Adjustments are downloaded as part of build_historical_tickers.py (Step 4) if you do not use --skip-adjustments. The date range is taken from the ticker files you already have. One Parquet file per ticker is written to config.ADJUSTMENTS_DIR (e.g. AAPL.parquet) with columns such as ticker, date, type, amount.

If you run tickers in incremental mode and include Step 4, new or updated tickers get their adjustment files; the script can also retry missing adjustments (Step 7) after the coverage comparison (Step 6).

Filling the database with data

Bar data comes from Polygon flat files (S3): one compressed CSV per trading day of 1-minute bars. The pipeline downloads them, streams 1m → 5m and daily, writes Parquet, then builds derived layers (intraday_daily, daily_features) used by the scanner and backtester.

One-time / initial backfill

python download_flatfiles.py --start-date 2018-01-01 --end-date 2026-02-08

Step 1 — Download flat files from S3 (or reuse cached temp files), stream each day to m5_by_date and d_by_date (Parquet per date). Verification runs so that all dates have valid temp files before processing (up to 3 attempts for missing dates).
Step 2 — Build d_by_symbol and day index from d_by_date (m5/d already from Step 1).
Step 3 — Run build_derived.py in a subprocess: builds intraday_daily (5m bars per symbol/date) and daily_features (daily OHLCV and derived columns).
Step 4 — Verify adjustments (spot-check latest adjusted closes).

Default mode is “5m+1d only”: no persistent m1_by_date; 1m is streamed to 5m and daily only. Use --full-pipeline if you need full 1m pipeline and m1_by_date.

Paths written

Path (config)	Content
`M5_BY_DATE_DIR`	5m bars per date (Parquet).
`D_BY_DATE_DIR`	Daily bars per date (Parquet).
`FLATFILES_TEMP_DIR`	Temp downloaded CSV.gz; reused as download cache; deleted after successful process.
`INTRADAY_DAILY_DIR`	Per-symbol Parquet with 5m (and optional 1m) arrays per date — used by scanner and backtester.
`DAILY_FEATURES_DIR`	Daily features (OHLCV, etc.) per symbol/date — used by scanner.

Why Parquet

All persistent output (tickers, adjustments, m5_by_date, d_by_date, intraday_daily, daily_features) is stored as Parquet. The project does not use a relational database.

Speed — Columnar format; the scanner and backtester read only the columns and date ranges they need. Fast for vectorized scans over many symbols and dates.
Size — Good compression (e.g. snappy) and no extra index overhead. Fits large histories on disk.
Portability — Single files or directories of files; easy to backup, move, or replicate.
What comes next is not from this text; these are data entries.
lemma prod_LIMSEQ_pos_imp_summable:
  fixes s :: "nat \<Rightarrow> real"
  assumes "\<And>k. 0 \<le> s k" "\<And>k. s k \<le> 1"
    and lim: "(\<lambda>n. \<Prod>k<n. s k) \<longlonglongrightarrow> L" and "0 < L"
  shows "summable (\<lambda>k. 1 - s k)"
proof (rule summableI_nonneg_bounded)
  fix n
  have "decseq (\<lambda>n. \<Prod>k<n. s k)"
    using assms by (intro decseq_SucI) (simp add: mult_left_le prod_nonneg)
  then have "L \<le> (\<Prod>k<n. s k)"
    using lim by (rule decseq_ge)
  also have "\<dots> = (\<Prod>k<n. 1 - (1 - s k))" by simp
  also have "\<dots> \<le> exp (- (\<Sum>k<n. 1 - s k))"
    using assms(1) by (intro prod_one_minus_le_exp_sum) simp
  finally have "ln L \<le> - (\<Sum>k<n. 1 - s k)"
    using ln_mono \<open>0 < L\<close> by fastforce
  then show "(\<Sum>k<n. 1 - s k) \<le> - ln L" by simp
qed (use assms(2) in simp)

lemma countable_eventually_eq:
  "countable {f :: nat \<Rightarrow> 'b :: countable. \<forall>\<^sub>F k in sequentially. f k = m k}"
proof (rule countable_subset)
  show "{f. \<forall>\<^sub>F k in sequentially. f k = m k} \<subseteq> range (\<lambda>xs k. if k < length xs then xs ! k else m k)"
  proof
    fix f assume "f \<in> {f. \<forall>\<^sub>F k in sequentially. f k = m k}"
    then obtain N where "\<And>k. N \<le> k \<Longrightarrow> f k = m k"
      by (auto simp: eventually_sequentially)
    then have "f = (\<lambda>k. if k < length (map f [0..<N]) then map f [0..<N] ! k else m k)"
      by (auto simp: fun_eq_iff)
    then show "f \<in> range (\<lambda>xs k. if k < length xs then xs ! k else m k)" by blast
  qed
qed simp

lemma (in prob_space) AE_eventually_eq_likely_values:
  fixes X :: "nat \<Rightarrow> 'a \<Rightarrow> 'b"
  assumes X [measurable]: "\<And>k. X k \<in> measurable M (count_space UNIV)"
    and summable: "summable (\<lambda>k. 1 - (SUP i. prob {\<omega> \<in> space M. X k \<omega> = i}))"
  shows "\<exists>m. AE \<omega> in M. \<forall>\<^sub>F k in sequentially. X k \<omega> = m k"
proof -
  let ?s = "\<lambda>k. SUP i. prob {\<omega> \<in> space M. X k \<omega> = i}"
  \<comment> \<open>The supremum need not be attained; a summable slack \<open>2 ^ -k\<close> suffices.\<close>
  have "\<forall>k. \<exists>i. ?s k - (1/2)^k < prob {\<omega> \<in> space M. X k \<omega> = i}"
  proof
    fix k
    show "\<exists>i. ?s k - (1/2)^k < prob {\<omega> \<in> space M. X k \<omega> = i}"
      using less_cSUP_iff[OF UNIV_not_empty bdd_above_range_prob[of "\<lambda>i. {\<omega> \<in> space M. X k \<omega> = i}"],
                          of "?s k - (1/2)^k"]
      by simp
  qed
  from choice[OF this] obtain m where m: "\<forall>k. ?s k - (1/2)^k < prob {\<omega> \<in> space M. X k \<omega> = m k}"
    by blast
  define A where "A k = {\<omega> \<in> space M. X k \<omega> \<noteq> m k}" for k
  have A_events: "A k \<in> events" for k
    unfolding A_def by measurable
  have "prob (A k) = 1 - prob {\<omega> \<in> space M. X k \<omega> = m k}" for k
  proof -
    have "A k = space M - {\<omega> \<in> space M. X k \<omega> = m k}" by (auto simp: A_def)
    then show ?thesis using X by (simp add: prob_compl)
  qed
  then have "prob (A k) \<le> (1 - ?s k) + (1/2)^k" for k
    using spec[OF m, of k] by simp
  then have "summable (\<lambda>k. prob (A k))"
    by (intro summable_comparison_test'[where N = 0, OF summable_add[OF summable summable_geometric]]) auto
  then have "AE \<omega> in M. \<forall>\<^sub>F k in sequentially. \<omega> \<in> space M - A k"
    using A_events by (intro borel_cantelli_AE1) (auto simp: emeasure_eq_measure)
  then have "AE \<omega> in M. \<forall>\<^sub>F k in sequentially. X k \<omega> = m k"
    by (rule AE_mp) (auto simp: A_def elim: eventually_mono)
  then show ?thesis by blast
qed

lemma (in prob_space) purely_discrete_pierce_partial_sums:
  assumes X [measurable]: "\<And>k. X k \<in> measurable M (count_space UNIV)"
    and digits: "\<And>k \<omega>. \<omega> \<in> space M \<Longrightarrow> 1 \<le> X k \<omega>"
    and lim: "(\<lambda>n. \<Prod>k<n. (SUP i. prob {\<omega> \<in> space M. X k \<omega> = i})) \<longlonglongrightarrow> L" and "0 < L"
  shows "purely_discrete_distr (distr M borel (\<lambda>\<omega>. pierce (\<lambda>k. \<Sum>i\<le>k. X i \<omega>)))"
proof -
  have "summable (\<lambda>k. 1 - (SUP i. prob {\<omega> \<in> space M. X k \<omega> = i}))"
    using lim \<open>0 < L\<close> by (intro prod_LIMSEQ_pos_imp_summable SUP_prob_nonneg SUP_prob_le_1)
  with AE_eventually_eq_likely_values[of X, OF X]
  obtain m where m: "AE \<omega> in M. \<forall>\<^sub>F k in sequentially. X k \<omega> = m k"
    by blast
  define S where "S = (\<lambda>f. pierce (\<lambda>k. \<Sum>i\<le>k. f i)) ` {f. \<forall>\<^sub>F k in sequentially. f k = m k}"
  have "countable S"
    unfolding S_def by (intro countable_image countable_eventually_eq)
  moreover have "AE \<omega> in M. pierce (\<lambda>k. \<Sum>i\<le>k. X i \<omega>) \<in> S"
    using m by eventually_elim (auto simp: S_def)
  moreover have "S \<in> sets borel"
    using \<open>countable S\<close> by (rule countable_in_sets_borel)
  ultimately have "AE x in distr M borel (\<lambda>\<omega>. pierce (\<lambda>k. \<Sum>i\<le>k. X i \<omega>)). x \<in> S"
    by (subst AE_distr_iff[OF borel_measurable_pierce_partial_sums[OF X digits]]) simp_all
  with \<open>countable S\<close> show ?thesis
    unfolding purely_discrete_distr_def by blast
qed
No server to run.
Ecosystem — Pandas and Polars read/write Parquet natively; same format from download pipeline through to backtest.

Ticker lists are also saved as tickers_historical.parquet in data/. Adjustments are one .parquet per ticker under data/polygon/raw/adjustments/.

Daily updates (schedule)

After the database is fully backfilled, you keep it up to date by (1) updating the ticker list and adjustments for new days, and (2) downloading flat files for the latest trading day(s) and rebuilding derived layers for those dates.

Recommended daily flow

Tickers (and adjustments) — Run build_historical_tickers.py without a date range (or with --end-date set to “yesterday”). Incremental mode will only fetch new trading days and update the master list and adjustment files.
Flat files + derived — Run download_flatfiles.py with a short range covering the latest trading day(s), e.g. --start-date 2026-02-07 --end-date 2026-02-08. Incremental mode will only download and process dates that are missing from m5_by_date; then Step 2 and Step 3 will update d_by_symbol and derived layers for the new dates.

Schedule example (cron or Task Scheduler)

Example in ET: 2:00 for tickers (and adjustments), 5:00 for flat files. Use the last trading day as --end-date where needed.

Unix cron (adjust paths, Python, and hours if the server is not ET):

# 2:00 AM ET: tickers + adjustments; 5:00 AM ET: flat files (adjust hours if server is not ET)
0 2 * * 1-5 cd /path/to/polygon-scanner && python build_historical_tickers.py
0 5 * * 1-5 cd /path/to/polygon-scanner && python download_flatfiles.py --end-date $(date +\%Y-\%m-\%d)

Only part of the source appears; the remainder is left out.